PROBLEM TO WORK ON -
Among the entries below, only the lines starting at the one with "in the letters" and ending at the one with "sc \<beta> x", both included, are to be printed exactly.

RECORDS FOR THE EXERCISE -
(* The AIS conditions are only required along histories starting in s0: V* is defined through
   policies started at the one-point history (s, []), while Vh is evaluated at sigma h for a
   history h ending in s, and re-rooting sigma as g |-> sigma (hist_append h g) bridges the two. *)
locale rooted_ais =
  fixes P :: "'s::finite \<Rightarrow> 'a::finite \<Rightarrow> 's pmf"
    and r :: "'s \<Rightarrow> 'a \<Rightarrow> real"
    and \<gamma> :: real
    and \<sigma> :: "('s,'a) hist \<Rightarrow> 'z"
    and fhat :: "'z \<Rightarrow> 's \<Rightarrow> 'a \<Rightarrow> 'z"
    and rhat :: "'z \<Rightarrow> 'a \<Rightarrow> real"
    and Phat :: "'z \<Rightarrow> 'a \<Rightarrow> 's pmf"
    and Vh :: "'z \<Rightarrow> real"
    and mu :: "'z \<Rightarrow> 'a pmf"
    and \<epsilon> D :: real
    and s0 :: 's
  assumes discount: "0 \<le> \<gamma>" "\<gamma> < 1"
    and recursive: "fst g = s0 \<Longrightarrow> \<sigma> (ext_hist g a s') = fhat (\<sigma> g) s' a"
    and reward_approx: "fst g = s0 \<Longrightarrow> \<bar>r (last_state g) a - rhat (\<sigma> g) a\<bar> \<le> \<epsilon>"
    and transition_approx: "fst g = s0 \<Longrightarrow>
      \<bar>(\<Sum>s\<in>UNIV. pmf (P (last_state g) a) s * Vh (fhat (\<sigma> g) s a))
        - (\<Sum>s\<in>UNIV. pmf (Phat (\<sigma> g) a) s * Vh (fhat (\<sigma> g) s a))\<bar> \<le> D"
    and Qhat_le_Vh: "Qhat \<gamma> rhat Phat fhat Vh z a \<le> Vh z"
    and greedy: "a \<in> set_pmf (mu z) \<Longrightarrow> Vh z \<le> Qhat \<gamma> rhat Phat fhat Vh z a"
    and Vh_bounded: "\<exists>B. \<forall>z. \<bar>Vh z\<bar> \<le> B"
begin

lemma backup_le:
  assumes "fst g = s0" and "\<And>s'. W s' \<le> Vh (fhat (\<sigma> g) s' a) + K"
  shows "r (last_state g) a + \<gamma> * (\<Sum>s'\<in>UNIV. pmf (P (last_state g) a) s' * W s')
    \<le> Vh (\<sigma> g) + (\<epsilon> + \<gamma> * D + \<gamma> * K)"
proof -
  let ?E = "\<Sum>s'\<in>UNIV. pmf (P (last_state g) a) s' * Vh (fhat (\<sigma> g) s' a)"
  let ?Ehat = "\<Sum>s'\<in>UNIV. pmf (Phat (\<sigma> g) a) s' * Vh (fhat (\<sigma> g) s' a)"
  have "(\<Sum>s'\<in>UNIV. pmf (P (last_state g) a) s' * W s') \<le> ?E + K"
    using sum_pmf_mono[OF assms(2)] by (simp only: sum_pmf_add_const)
  also have "\<dots> \<le> ?Ehat + D + K"
    using transition_approx[OF assms(1), of a] by linarith
  finally have "\<gamma> * (\<Sum>s'\<in>UNIV. pmf (P (last_state g) a) s' * W s') \<le> \<gamma> * (?Ehat + D + K)"
    using discount(1) by (rule mult_left_mono)
  then show ?thesis
    using reward_approx[OF assms(1), of a] Qhat_le_Vh[of "\<sigma> g" a]
    by (simp add: Qhat_def algebra_simps abs_le_iff)
qed
lemma fractional_indices_shrink:
  fixes W :: "'i \<Rightarrow> 'v::euclidean_space"
  assumes S: "finite S" and \<mu>: "\<mu> ` S \<subseteq> {0..1}"
    and big: "DIM('v) < card (fractional_indices \<mu> S)"
  shows "\<exists>\<mu>'. \<mu>' ` S \<subseteq> {0..1} \<and> (\<Sum>j\<in>S. \<mu>' j *\<^sub>R W j) = (\<Sum>j\<in>S. \<mu> j *\<^sub>R W j)
           \<and> fractional_indices \<mu>' S \<subset> fractional_indices \<mu> S"
proof -
  define F where "F = fractional_indices \<mu> S"
  have F: "finite F" "F \<subseteq> S" "\<And>j. j \<in> F \<Longrightarrow> 0 < \<mu> j \<and> \<mu> j < 1"
    using S by (auto simp: F_def fractional_indices_def)
  obtain \<delta> where \<delta>: "\<exists>j\<in>F. \<delta> j \<noteq> 0" "(\<Sum>j\<in>F. \<delta> j *\<^sub>R W j) = 0"
    using exists_nontrivial_linear_relation[OF F(1) big[folded F_def]] by blast
  \<comment> \<open>move along \<open>\<delta>\<close> until the first fractional coefficient reaches 0 or 1\<close>
  define G where "G = {j\<in>F. \<delta> j \<noteq> 0}"
  define t where "t = Min ((\<lambda>j. exit_time (\<mu> j) (\<delta> j)) ` G)"
  have G: "finite G" "G \<noteq> {}" using F(1) \<delta>(1) by (auto simp: G_def)
  then obtain j0 where j0: "j0 \<in> G" "t = exit_time (\<mu> j0) (\<delta> j0)"
    unfolding t_def by (metis (no_types, lifting) Min_in finite_imageI image_iff image_is_empty)
  have t_le: "t \<le> exit_time (\<mu> j) (\<delta> j)" if "j \<in> G" for j
    using G that by (simp add: t_def)
  have "0 < t"
    using j0 F(3) by (auto simp: G_def intro: exit_time_pos)
  define \<mu>' where "\<mu>' j = (if j \<in> F then \<mu> j + t * \<delta> j else \<mu> j)" for j
  have "\<mu>' j \<in> {0..1}" if "j \<in> S" for j
    using \<mu> that F(3) t_le \<open>0 < t\<close> add_mult_in_unit_interval
    by (cases "j \<in> G") (auto simp: \<mu>'_def G_def)
  moreover have "(\<Sum>j\<in>S. \<mu>' j *\<^sub>R W j) = (\<Sum>j\<in>S. \<mu> j *\<^sub>R W j)"
  proof -
    have "(\<Sum>j\<in>S. \<mu>' j *\<^sub>R W j)
        = (\<Sum>j\<in>S. \<mu> j *\<^sub>R W j) + (\<Sum>j\<in>S. (if j \<in> F then t * \<delta> j else 0) *\<^sub>R W j)"
      unfolding sum.distrib[symmetric] by (rule sum.cong) (auto simp: \<mu>'_def scaleR_add_left)
    also have "(\<Sum>j\<in>S. (if j \<in> F then t * \<delta> j else 0) *\<^sub>R W j) = (\<Sum>j\<in>F. (t * \<delta> j) *\<^sub>R W j)"
      by (rule sum.mono_neutral_cong_right) (use S F(2) in auto)
    also have "(\<Sum>j\<in>F. (t * \<delta> j) *\<^sub>R W j) = 0"
      using \<delta>(2) by (simp flip: scaleR_scaleR scaleR_sum_right)
    finally show ?thesis by simp
  qed
  moreover have "fractional_indices \<mu>' S \<subset> F"
  proof -
    have "\<mu>' j0 \<in> {0, 1}"
      using j0 add_exit_time_mult by (auto simp: \<mu>'_def G_def)
    then have "j0 \<notin> fractional_indices \<mu>' S"
      by (auto simp: fractional_indices_def)
    moreover have "fractional_indices \<mu>' S \<subseteq> F"
      by (auto simp: fractional_indices_def F_def \<mu>'_def)
    ultimately show ?thesis using j0(1) by (auto simp: G_def)
  qed
  ultimately show ?thesis unfolding F_def by blast
qed

lemma exists_coefficients_few_fractional:
  fixes W :: "'i \<Rightarrow> 'v::euclidean_space"
  assumes "finite S" "\<mu> ` S \<subseteq> {0..1}"
  shows "\<exists>\<mu>'. \<mu>' ` S \<subseteq> {0..1} \<and> (\<Sum>j\<in>S. \<mu>' j *\<^sub>R W j) = (\<Sum>j\<in>S. \<mu> j *\<^sub>R W j)
           \<and> card (fractional_indices \<mu>' S) \<le> DIM('v)"
  using assms(2)
proof (induction "card (fractional_indices \<mu> S)" arbitrary: \<mu> rule: less_induct)
  case less
  show ?case
  proof (cases "card (fractional_indices \<mu> S) \<le> DIM('v)")
    case False
    then obtain \<mu>' where \<mu>': "\<mu>' ` S \<subseteq> {0..1}"
        "(\<Sum>j\<in>S. \<mu>' j *\<^sub>R W j) = (\<Sum>j\<in>S. \<mu> j *\<^sub>R W j)"
        "fractional_indices \<mu>' S \<subset> fractional_indices \<mu> S"
      using fractional_indices_shrink[OF assms(1) less.prems, where W = W] by (auto simp: not_le)
    have "card (fractional_indices \<mu>' S) < card (fractional_indices \<mu> S)"
      using \<mu>'(3) by (intro psubset_card_mono finite_fractional_indices assms(1))
    then show ?thesis using less.hyps \<mu>'(1,2) by metis
  qed (use less.prems in blast)
qed

(* The weights of Grinberg and Sevastyanov's proof of the Steinitz lemma: admissibility
   bounds the sum by d K and survives the removal of a suitable vector. *)
definition steinitz_admissible :: "('i \<Rightarrow> real^'d) \<Rightarrow> 'i set \<Rightarrow> bool" where
  "steinitz_admissible u S \<longleftrightarrow> card S \<le> CARD('d) \<or>
     (\<exists>c. c ` S \<subseteq> {0..1} \<and> (\<Sum>j\<in>S. c j *\<^sub>R u j) = 0 \<and> (\<Sum>j\<in>S. c j) = real (card S) - real CARD('d))"

lemma steinitz_admissible_sum_bound:
  fixes u :: "'i \<Rightarrow> real^'d" and K :: real
  assumes S: "finite S" "steinitz_admissible u S"
    and K: "\<And>j i. j \<in> S \<Longrightarrow> \<bar>u j $ i\<bar> \<le> K" "0 \<le> K"
  shows "\<bar>(\<Sum>j\<in>S. u j) $ i\<bar> \<le> real CARD('d) * K"
proof (cases "card S \<le> CARD('d)")
  case True
  have "\<bar>(\<Sum>j\<in>S. u j) $ i\<bar> \<le> (\<Sum>j\<in>S. \<bar>u j $ i\<bar>)"
    by (simp add: sum_abs)
  also have "\<dots> \<le> card S * K"
    using K(1) sum_bounded_above[of S "\<lambda>j. \<bar>u j $ i\<bar>" K] by simp
  also have "\<dots> \<le> real CARD('d) * K"
    using True K(2) by (simp add: mult_right_mono)
  finally show ?thesis .
next
  case False
  then obtain c where c: "c ` S \<subseteq> {0..1}" "(\<Sum>j\<in>S. c j *\<^sub>R u j) = 0"
      "(\<Sum>j\<in>S. c j) = real (card S) - real CARD('d)"
    using S(2) by (auto simp: steinitz_admissible_def)
  \<comment> \<open>subtracting the vanishing combination leaves total weight \<open>\<Sum>j\<in>S. 1 - c j = CARD('d)\<close>\<close>
  have "(\<Sum>j\<in>S. c j * u j $ i) = 0"
    using arg_cong[OF c(2), of "\<lambda>v. v $ i"] by simp
  then have "(\<Sum>j\<in>S. u j) $ i = (\<Sum>j\<in>S. (1 - c j) * u j $ i)"
    by (simp add: left_diff_distrib sum_subtractf)
  also have "\<bar>\<dots>\<bar> \<le> (\<Sum>j\<in>S. (1 - c j) * K)"
  proof (intro order_trans[OF sum_abs] sum_mono)
    fix j assume "j \<in> S"
    then have "0 \<le> 1 - c j" using c(1) by auto
    then show "\<bar>(1 - c j) * u j $ i\<bar> \<le> (1 - c j) * K"
      using K(1)[OF \<open>j \<in> S\<close>] by (simp add: abs_mult mult_left_mono)
  qed
  also have "\<dots> = real CARD('d) * K"
    using c(3) by (simp add: sum_distrib_right[symmetric] sum_subtractf)
  finally show ?thesis .
qed
lemma is_tree_Theta:
  assumes rich: "unioccurrent_pal_suffixes_from u N" and closed: "closed_under_reversal u"
    and "finite A" "range u \<subseteq> A"
    and "factor w u" "palindrome w" "N < length w"
  shows "is_tree (Theta_V u w) (Theta_E u w)"
proof -
  let ?n = "length w" and ?inn = "\<lambda>p. u (p - 1)" and ?out = "\<lambda>p. u (p + length w)"
  have occ: "p \<in> occs u w \<longleftrightarrow> 0 < p \<and> seg u p ?n = w" for p
    using occs_palindrome[OF \<open>palindrome w\<close>] by simp
  note vertices = Theta_V_eq_occs[OF closed \<open>palindrome w\<close>]
  obtain c where "factor (w @ [c]) u" using factor_extends_right[OF \<open>factor w u\<close>] .
  then have nonempty: "occs u w \<noteq> {}" using vertices by (auto simp: Theta_V_def ext_right_def)
  have zero: "0 \<notin> occs u w" by (simp add: occs_def)
  have consecutive: "?out p = ?inn p'" if "p \<in> occs u w" "p' \<in> occs u w" "p < p'"
      "\<forall>r. p < r \<and> r < p' \<longrightarrow> r \<notin> occs u w" for p p'
    by (rule occs_consecutive(2)[OF rich \<open>N < ?n\<close> that])
  have return: "?out p = ?inn p'" if "p \<in> occs u w" "p' \<in> occs u w" "p < p'" "?inn p = ?out p'"
      "\<forall>r\<in>occs u w. p < r \<and> r \<le> p' \<longrightarrow> ?inn r \<noteq> ?inn p"
      "\<forall>r\<in>occs u w. p \<le> r \<and> r < p' \<longrightarrow> ?out r \<noteq> ?inn p" for p p'
  proof -
    have "0 < p" "seg u p' ?n = rev (seg u p ?n)"
      using that(1,2) \<open>palindrome w\<close> by (simp_all add: occ palindrome_def)
    moreover have "\<forall>r. p < r \<and> r \<le> p' \<and> seg u r ?n = seg u p ?n \<longrightarrow> u (r - 1) \<noteq> u (p - 1)"
      using that(1,5) by (auto simp: occ)
    moreover have "\<forall>r. p \<le> r \<and> r < p' \<and> seg u r ?n = rev (seg u p ?n) \<longrightarrow> u (r + ?n) \<noteq> u (p - 1)"
      using that(1,6) \<open>palindrome w\<close> by (auto simp: occ palindrome_def)
    ultimately show ?thesis using extended_occurrence_return[OF rich \<open>N < ?n\<close> _ that(3) _ that(4)] by blast
  qed
  have "Theta_V u w \<subseteq> A"
    unfolding Theta_V_def using ext_right_subset_range[of u w] \<open>range u \<subseteq> A\<close> by (rule order_trans)
  then have "finite (Theta_V u w)" using \<open>finite A\<close> by (rule finite_subset)
  then have finite: "finite (?inn ` occs u w)" by (simp only: vertices)
  have "?out p \<in> Theta_V u w" if "p \<in> occs u w" for p
  proof -
    have "factor (?inn p # w @ [?out p]) u" using that factor_around_occurrence[of p u w] by (simp add: occ)
    then show ?thesis unfolding Theta_V_def by (rule bi_ext_ext_right)
  qed
  then have "?out ` occs u w \<subseteq> ?inn ` occs u w" unfolding vertices[symmetric] by blast
  from is_tree_of_occurrences[OF nonempty zero consecutive return finite this]
  show ?thesis unfolding vertices Theta_E_eq_occs[OF \<open>palindrome w\<close>] .
qed
(* Let $\mathfrak{l}$ be a finite-dimensional restricted Lie algebra over an algebraically closed field $\mathbb{K}$ of characteristic $p>0$, with $p$-map $a\mapsto a^{[p]}$, and let $\chi\in\mathfrak{l}^\ast$. On the vector space $\mathfrak{l}_\chi=\mathfrak{l}\oplus\mathbb{K}c$ define the Lie bracket $[a+\alpha c,b+\beta c]=[a,b]$ (so that $c$ is central and $\mathfrak{l}_\chi$ is the trivial central extension of $\mathfrak{l}$ as a Lie algebra) and the map $$(a+\alpha c)^{[p]}=a^{[p]}+(\chi(a)^p+\alpha^p)c\qquad(a\in\mathfrak{l},\ \alpha\in\mathbb{K}).$$ Then this defines a structure of restricted Lie algebra on $\mathfrak{l}_\chi$.
   Context: A restricted Lie algebra is a Lie algebra with a $p$-map satisfying Jacobson's axioms: $(\beta a)^{[p]}=\beta^p a^{[p]}$, $\operatorname{ad}(a^{[p]})=(\operatorname{ad}a)^p$, and $(a+b)^{[p]}=a^{[p]}+b^{[p]}+\sum_{i=1}^{p-1}s_i(a,b)$, where $i\,s_i(a,b)$ is the coefficient of $T^{i-1}$ in $(\operatorname{ad}(aT+b))^{p-1}(a)$. *)

theory Defs
  imports "HOL-Library.Product_Plus" "HOL-Computational_Algebra.Polynomial"
begin

definition lie_algebra :: "('k::field \<Rightarrow> 'v::ab_group_add \<Rightarrow> 'v) \<Rightarrow> ('v \<Rightarrow> 'v \<Rightarrow> 'v) \<Rightarrow> bool" where
  "lie_algebra sc br \<longleftrightarrow> vector_space sc
     \<and> (\<forall>x y z. br (x + y) z = br x z + br y z)
     \<and> (\<forall>x y z. br x (y + z) = br x y + br x z)
     \<and> (\<forall>c x y. br (sc c x) y = sc c (br x y))
     \<and> (\<forall>c x y. br x (sc c y) = sc c (br x y))
     \<and> (\<forall>x. br x x = 0)
     \<and> (\<forall>x y z. br x (br y z) + br y (br z x) + br z (br x y) = 0)"

text \<open>Coefficient of T^(i-1) in (ad(aT+b))^(p-1)(a): sum over all words of length p-1
in the letters a (True) and b (False) with exactly i-1 letters a of the iterated brackets.\<close>
definition ad_coeff :: "('v::ab_group_add \<Rightarrow> 'v \<Rightarrow> 'v) \<Rightarrow> nat \<Rightarrow> nat \<Rightarrow> 'v \<Rightarrow> 'v \<Rightarrow> 'v" where
  "ad_coeff br p i a b =
     (\<Sum>w\<in>{w::bool list. length w = p - 1 \<and> count_list w True = i - 1}.
        foldr (\<lambda>t acc. br (if t then a else b) acc) w a)"

text \<open>s_i(a,b), determined by i s_i(a,b) = ad_coeff (i is invertible for 1 <= i <= p-1).\<close>
definition jac_s :: "('k::field \<Rightarrow> 'v::ab_group_add \<Rightarrow> 'v) \<Rightarrow> ('v \<Rightarrow> 'v \<Rightarrow> 'v) \<Rightarrow> nat \<Rightarrow> nat \<Rightarrow> 'v \<Rightarrow> 'v \<Rightarrow> 'v" where
  "jac_s sc br p i a b = sc (inverse (of_nat i)) (ad_coeff br p i a b)"

definition restricted_lie_algebra ::
  "('k::field \<Rightarrow> 'v::ab_group_add \<Rightarrow> 'v) \<Rightarrow> ('v \<Rightarrow> 'v \<Rightarrow> 'v) \<Rightarrow> ('v \<Rightarrow> 'v) \<Rightarrow> nat \<Rightarrow> bool" where
  "restricted_lie_algebra sc br pm p \<longleftrightarrow> lie_algebra sc br
     \<and> (\<forall>\<beta> a. pm (sc \<beta> a) = sc (\<beta> ^ p) (pm a))
     \<and> (\<forall>a b. br (pm a) b = (br a ^^ p) b)
     \<and> (\<forall>a b. pm (a + b) = pm a + pm b + (\<Sum>i=1..p-1. jac_s sc br p i a b))"

definition algebraically_closed :: "'k::field itself \<Rightarrow> bool" where
  "algebraically_closed _ \<longleftrightarrow> (\<forall>q::'k poly. degree q \<ge> 1 \<longrightarrow> (\<exists>x. poly q x = 0))"

text \<open>The central extension l_chi = l \<oplus> K c, modelled on 'v \<times> 'k.\<close>
definition ext_scale :: "('k::field \<Rightarrow> 'v \<Rightarrow> 'v) \<Rightarrow> 'k \<Rightarrow> 'v \<times> 'k \<Rightarrow> 'v \<times> 'k" where
  "ext_scale sc \<beta> x = (sc \<beta> (fst x), \<beta> * snd x)"

definition ext_bracket :: "('v \<Rightarrow> 'v \<Rightarrow> 'v) \<Rightarrow> 'v \<times> 'k::field \<Rightarrow> 'v \<times> 'k \<Rightarrow> 'v \<times> 'k" where
  "ext_bracket br x y = (br (fst x) (fst y), 0)"

definition ext_pmap :: "('v \<Rightarrow> 'v) \<Rightarrow> ('v \<Rightarrow> 'k::field) \<Rightarrow> nat \<Rightarrow> 'v \<times> 'k \<Rightarrow> 'v \<times> 'k" where
  "ext_pmap pm \<chi> p x = (pm (fst x), \<chi> (fst x) ^ p + snd x ^ p)"

end

theory Submission
  imports Defs "HOL-Computational_Algebra.Primes"
begin

text \<open>The central coordinate never enters a bracket, so every iterated bracket in
\<open>l\<^sub>\<chi>\<close> of length at least one is the corresponding bracket in \<open>l\<close> with central
component 0. Jacobson's axioms for \<open>l\<^sub>\<chi>\<close> thus reduce to those for \<open>l\<close>, except in the
central coordinate, where additivity of \<open>a + \<alpha>c \<mapsto> \<chi>(a)\<^sup>p + \<alpha>\<^sup>p\<close> is the linearity of
\<open>\<chi>\<close> combined with the Frobenius identity \<open>(x + y)\<^sup>p = x\<^sup>p + y\<^sup>p\<close> in characteristic \<open>p\<close>.\<close>

lemma lie_algebra_ext:
  assumes "lie_algebra sc br"
  shows "lie_algebra (ext_scale sc) (ext_bracket br)"
  using assms unfolding lie_algebra_def
  by (auto simp: vector_space_def ext_scale_def ext_bracket_def algebra_simps zero_prod_def)

lemma fst_foldr_ext_bracket:
  "fst (foldr (\<lambda>t acc. ext_bracket br (if t then a else b) acc) w c)
   = foldr (\<lambda>t acc. br (if t then fst a else fst b) acc) w (fst c)"
  by (induction w) (auto simp: ext_bracket_def)

lemma foldr_ext_bracket:
  assumes "w \<noteq> []"
  shows "foldr (\<lambda>t acc. ext_bracket br (if t then a else b) acc) w c
   = (foldr (\<lambda>t acc. br (if t then fst a else fst b) acc) w (fst c), 0)"
proof -
  obtain t w' where "w = t # w'"
    using assms by (cases w) auto
  then show ?thesis
    using fst_foldr_ext_bracket[of br a b w' c] by (simp add: ext_bracket_def)
qed

lemma ad_coeff_ext_bracket:
  assumes "p \<ge> 2"
  shows "ad_coeff (ext_bracket br) p i a b = (ad_coeff br p i (fst a) (fst b), 0)"
proof -
  let ?W = "{w::bool list. length w = p - 1 \<and> count_list w True = i - 1}"
  have "ad_coeff (ext_bracket br) p i a b
     = (\<Sum>w\<in>?W. (foldr (\<lambda>t acc. br (if t then fst a else fst b) acc) w (fst a), 0))"
    unfolding ad_coeff_def
    by (rule sum.cong) (use assms in \<open>auto intro!: foldr_ext_bracket\<close>)
  also have "\<dots> = (ad_coeff br p i (fst a) (fst b), 0)"
    by (simp add: prod_eq_iff fst_sum snd_sum ad_coeff_def)
  finally show ?thesis .
qed

lemma jac_s_ext:
  assumes "p \<ge> 2"
  shows "jac_s (ext_scale sc) (ext_bracket br) p i a b = (jac_s sc br p i (fst a) (fst b), 0)"
  unfolding jac_s_def ad_coeff_ext_bracket[OF assms] by (simp add: ext_scale_def)

lemma funpow_ext_bracket:
  assumes "n \<ge> 1"
  shows "(ext_bracket br a ^^ n) b = ((br (fst a) ^^ n) (fst b), 0)"
proof -
  have "(ext_bracket br a ^^ Suc m) b = ((br (fst a) ^^ Suc m) (fst b), 0)" for m
    by (induction m) (auto simp: ext_bracket_def)
  then show ?thesis
    using assms by (metis Suc_le_D One_nat_def)
qed

lemma ext_pmap_scale:
  assumes "\<And>\<beta> a. pm (sc \<beta> a) = sc (\<beta> ^ p) (pm a)"
    and "Vector_Spaces.linear sc (*) \<chi>"
  shows "ext_pmap pm \<chi> p (ext_scale sc \<beta> a) = ext_scale sc (\<beta> ^ p) (ext_pmap pm \<chi> p a)"
proof -
  have "\<chi> (sc \<beta> (fst a)) = \<beta> * \<chi> (fst a)"
    using assms(2) by (simp add: Vector_Spaces.linear_iff)
  then show ?thesis
    by (simp add: ext_pmap_def ext_scale_def assms(1) power_mult_distrib algebra_simps)
qed

lemma ext_pmap_bracket:
  assumes "\<And>a b. br (pm a) b = (br a ^^ p) b" and "p \<ge> 1"
  shows "ext_bracket br (ext_pmap pm \<chi> p a) b = (ext_bracket br a ^^ p) b"
  by (simp add: funpow_ext_bracket[OF assms(2)] ext_bracket_def ext_pmap_def assms(1))

lemma ext_pmap_add:
  fixes \<chi> :: "'v::ab_group_add \<Rightarrow> 'k::field"
  assumes "\<And>a b. pm (a + b) = pm a + pm b + (\<Sum>i=1..p-1. jac_s sc br p i a b)"
    and "Vector_Spaces.linear sc (*) \<chi>"
    and "prime p" and "CHAR('k) = p"
  shows "ext_pmap pm \<chi> p (a + b) = ext_pmap pm \<chi> p a + ext_pmap pm \<chi> p b
      + (\<Sum>i=1..p-1. jac_s (ext_scale sc) (ext_bracket br) p i a b)"
proof -
  have "p \<ge> 2"
    using assms(3) prime_ge_2_nat by blast
  have \<chi>_add: "\<chi> (fst a + fst b) = \<chi> (fst a) + \<chi> (fst b)"
    using assms(2) by (simp add: Vector_Spaces.linear_iff)
  have frobenius: "(x + y) ^ p = x ^ p + y ^ p" for x y :: 'k
    using assms(3,4) by (intro freshmans_dream) simp_all
  show ?thesis
    by (simp add: jac_s_ext[OF \<open>p \<ge> 2\<close>] prod_eq_iff fst_sum snd_sum ext_pmap_def
        assms(1) \<chi>_add frobenius algebra_simps)
qed

lemma restricted_lie_algebra_ext:
  fixes \<chi> :: "'v::ab_group_add \<Rightarrow> 'k::field"
  assumes "restricted_lie_algebra sc br pm p"
    and "Vector_Spaces.linear sc (*) \<chi>"
    and "prime p" and "CHAR('k) = p"
  shows "restricted_lie_algebra (ext_scale sc) (ext_bracket br) (ext_pmap pm \<chi> p) p"
proof -
  have "p \<ge> 1"
    using assms(3) prime_ge_1_nat by blast
  from assms(1) have lie: "lie_algebra sc br"
    and scale: "\<And>\<beta> a. pm (sc \<beta> a) = sc (\<beta> ^ p) (pm a)"
    and bracket: "\<And>a b. br (pm a) b = (br a ^^ p) b"
    and add: "\<And>a b. pm (a + b) = pm a + pm b + (\<Sum>i=1..p-1. jac_s sc br p i a b)"
    unfolding restricted_lie_algebra_def by auto
  show ?thesis
    unfolding restricted_lie_algebra_def
    using lie_algebra_ext[OF lie] ext_pmap_scale[OF scale assms(2)]
      ext_pmap_bracket[where br = br and pm = pm, OF bracket \<open>p \<ge> 1\<close>] ext_pmap_add[OF add assms(2-4)]
    by blast
qed

theorem proposition1p2p3:
  fixes sc :: "'k::field \<Rightarrow> 'v::ab_group_add \<Rightarrow> 'v"
    and br :: "'v \<Rightarrow> 'v \<Rightarrow> 'v"
    and pm :: "'v \<Rightarrow> 'v"
    and \<chi> :: "'v \<Rightarrow> 'k"
    and p :: nat
  assumes "prime p" and "CHAR('k) = p"
    and "algebraically_closed TYPE('k)"
    and "\<exists>B. finite_dimensional_vector_space sc B"
    and "restricted_lie_algebra sc br pm p"
    and "Vector_Spaces.linear sc (*) \<chi>"
  shows "restricted_lie_algebra (ext_scale sc) (ext_bracket br) (ext_pmap pm \<chi> p) p"
  using restricted_lie_algebra_ext[OF assms(5,6,1,2)] .

end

RESULT FOR THIS EXERCISE -
in the letters a (True) and b (False) with exactly i-1 letters a of the iterated brackets.\<close>
definition ad_coeff :: "('v::ab_group_add \<Rightarrow> 'v \<Rightarrow> 'v) \<Rightarrow> nat \<Rightarrow> nat \<Rightarrow> 'v \<Rightarrow> 'v \<Rightarrow> 'v" where
  "ad_coeff br p i a b =
     (\<Sum>w\<in>{w::bool list. length w = p - 1 \<and> count_list w True = i - 1}.
        foldr (\<lambda>t acc. br (if t then a else b) acc) w a)"

text \<open>s_i(a,b), determined by i s_i(a,b) = ad_coeff (i is invertible for 1 <= i <= p-1).\<close>
definition jac_s :: "('k::field \<Rightarrow> 'v::ab_group_add \<Rightarrow> 'v) \<Rightarrow> ('v \<Rightarrow> 'v \<Rightarrow> 'v) \<Rightarrow> nat \<Rightarrow> nat \<Rightarrow> 'v \<Rightarrow> 'v \<Rightarrow> 'v" where
  "jac_s sc br p i a b = sc (inverse (of_nat i)) (ad_coeff br p i a b)"

definition restricted_lie_algebra ::
  "('k::field \<Rightarrow> 'v::ab_group_add \<Rightarrow> 'v) \<Rightarrow> ('v \<Rightarrow> 'v \<Rightarrow> 'v) \<Rightarrow> ('v \<Rightarrow> 'v) \<Rightarrow> nat \<Rightarrow> bool" where
  "restricted_lie_algebra sc br pm p \<longleftrightarrow> lie_algebra sc br
     \<and> (\<forall>\<beta> a. pm (sc \<beta> a) = sc (\<beta> ^ p) (pm a))
     \<and> (\<forall>a b. br (pm a) b = (br a ^^ p) b)
     \<and> (\<forall>a b. pm (a + b) = pm a + pm b + (\<Sum>i=1..p-1. jac_s sc br p i a b))"

definition algebraically_closed :: "'k::field itself \<Rightarrow> bool" where
  "algebraically_closed _ \<longleftrightarrow> (\<forall>q::'k poly. degree q \<ge> 1 \<longrightarrow> (\<exists>x. poly q x = 0))"

text \<open>The central extension l_chi = l \<oplus> K c, modelled on 'v \<times> 'k.\<close>
definition ext_scale :: "('k::field \<Rightarrow> 'v \<Rightarrow> 'v) \<Rightarrow> 'k \<Rightarrow> 'v \<times> 'k \<Rightarrow> 'v \<times> 'k" where
  "ext_scale sc \<beta> x = (sc \<beta> (fst x), \<beta> * snd x)"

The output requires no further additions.